(* Let $n\ge2$, $\boldsymbol{\pi}\in\Delta_n^\circ$, $\sigma>0$ and $\mathbf{x},\mathbf{y}\in\Delta_n^\circ$. Then $$H_{1+\sigma}\big(\mu_{\boldsymbol{\pi},\mathbf{y},\sigma}\,\big\|\,\mu_{\boldsymbol{\pi},\mathbf{x},\sigma}\big)=\frac1\sigma\,\Gamma_{\boldsymbol{\pi}}(\mathbf{y}\,\|\,\mathbf{x}).$$
   Context: $\Delta_n^\circ=\{\mathbf{x}\in(0,1]^n:\sum_ix_i=1\}$. For $\mathbf{x}\in(0,\infty)^n$, $\mathcal{C}[\mathbf{x}]=\mathbf{x}/\sum_jx_j$, $\mathbf{x}^{-1}=(1/x_i)_i$, $\odot$ is the componentwise product. For $\boldsymbol{\pi}\in\Delta_n^\circ$ and $\mathbf{x},\mathbf{y}\in(0,\infty)^n$, $\Gamma_{\boldsymbol{\pi}}(\mathbf{y}\,\|\,\mathbf{x})=\log\big(\sum_i\pi_i\frac{y_i}{x_i}\big)-\sum_i\pi_i\log\frac{y_i}{x_i}$. The scaled Dirichlet distribution $\mathcal{SD}(\boldsymbol{\alpha},\boldsymbol{\beta})$ ($\boldsymbol{\alpha},\boldsymbol{\beta}\in(0,\infty)^n$) is the law of $\mathcal{C}[\mathbf{X}]$ with $X_1,\dots,X_n$ independent, $X_i\sim\mathrm{Gamma}(\text{shape }\alpha_i,\text{ rate }\beta_i)$; and $\mu_{\boldsymbol{\pi},\mathbf{x},\sigma}=\mathcal{SD}\big(\tfrac1\sigma\boldsymbol{\pi},\ \boldsymbol{\pi}\odot\mathbf{x}^{-1}\big)$. For probability measures $\mu_1\ll\mu_2$ and $\alpha>0$, $\alpha\neq1$, the Rényi divergence is $H_\alpha(\mu_1\|\mu_2)=\frac{1}{\alpha-1}\log\int\big(\frac{d\mu_1}{d\mu_2}\big)^\alpha d\mu_2$ (and $+\infty$ if $\mu_1\not\ll\mu_2$). *)

theory Defs
  imports "HOL-Analysis.Analysis" "HOL-Probability.Probability"
begin

text \<open>Open simplex: vectors indexed by a finite type 'n (n = CARD('n)).\<close>
definition open_simplex :: "('n::finite \<Rightarrow> real) set" where
  "open_simplex = {x. (\<forall>i. 0 < x i \<and> x i \<le> 1) \<and> (\<Sum>i\<in>UNIV. x i) = 1}"

definition closure_op :: "('n::finite \<Rightarrow> real) \<Rightarrow> ('n \<Rightarrow> real)" where
  "closure_op x = (\<lambda>i. x i / (\<Sum>j\<in>UNIV. x j))"

definition gamma_density :: "real \<Rightarrow> real \<Rightarrow> real \<Rightarrow> real" where
  "gamma_density a b t =
     (if 0 < t then b powr a * t powr (a - 1) * exp (- b * t) / Gamma a else 0)"

definition gamma_distr :: "real \<Rightarrow> real \<Rightarrow> real measure" where
  "gamma_distr a b = density lborel (\<lambda>t. ennreal (gamma_density a b t))"

definition scaled_dirichlet :: "('n::finite \<Rightarrow> real) \<Rightarrow> ('n \<Rightarrow> real) \<Rightarrow> ('n \<Rightarrow> real) measure" where
  "scaled_dirichlet \<alpha> \<beta> =
     distr (PiM UNIV (\<lambda>i. gamma_distr (\<alpha> i) (\<beta> i))) (PiM UNIV (\<lambda>_. borel)) closure_op"

definition mu_sd :: "('n::finite \<Rightarrow> real) \<Rightarrow> ('n \<Rightarrow> real) \<Rightarrow> real \<Rightarrow> ('n \<Rightarrow> real) measure" where
  "mu_sd \<pi> x \<sigma> = scaled_dirichlet (\<lambda>i. \<pi> i / \<sigma>) (\<lambda>i. \<pi> i / x i)"

definition Gamma_div :: "('n::finite \<Rightarrow> real) \<Rightarrow> ('n \<Rightarrow> real) \<Rightarrow> ('n \<Rightarrow> real) \<Rightarrow> real" where
  "Gamma_div \<pi> y x = ln (\<Sum>i\<in>UNIV. \<pi> i * (y i / x i)) - (\<Sum>i\<in>UNIV. \<pi> i * ln (y i / x i))"

text \<open>RN_deriv M2 M1 is the Radon-Nikodym derivative dM1/dM2.\<close>
definition renyi_div :: "real \<Rightarrow> 'a measure \<Rightarrow> 'a measure \<Rightarrow> ereal" where
  "renyi_div \<alpha> M1 M2 =
     (let I = (\<integral>\<^sup>+ \<omega>. ennreal ((enn2real (RN_deriv M2 M1 \<omega>)) powr \<alpha>) \<partial>M2) in
      if \<not> absolutely_continuous M2 M1 \<or> I = \<top> then \<infinity>
      else ereal (ln (enn2real I) / (\<alpha> - 1)))"

end

theory Submission
  imports Defs
begin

-----

▶ [WHAT YOU NEED TO DO]:
Report the number of lines above containing the word "close", with no other text.

▶ [SOLUTION]:
2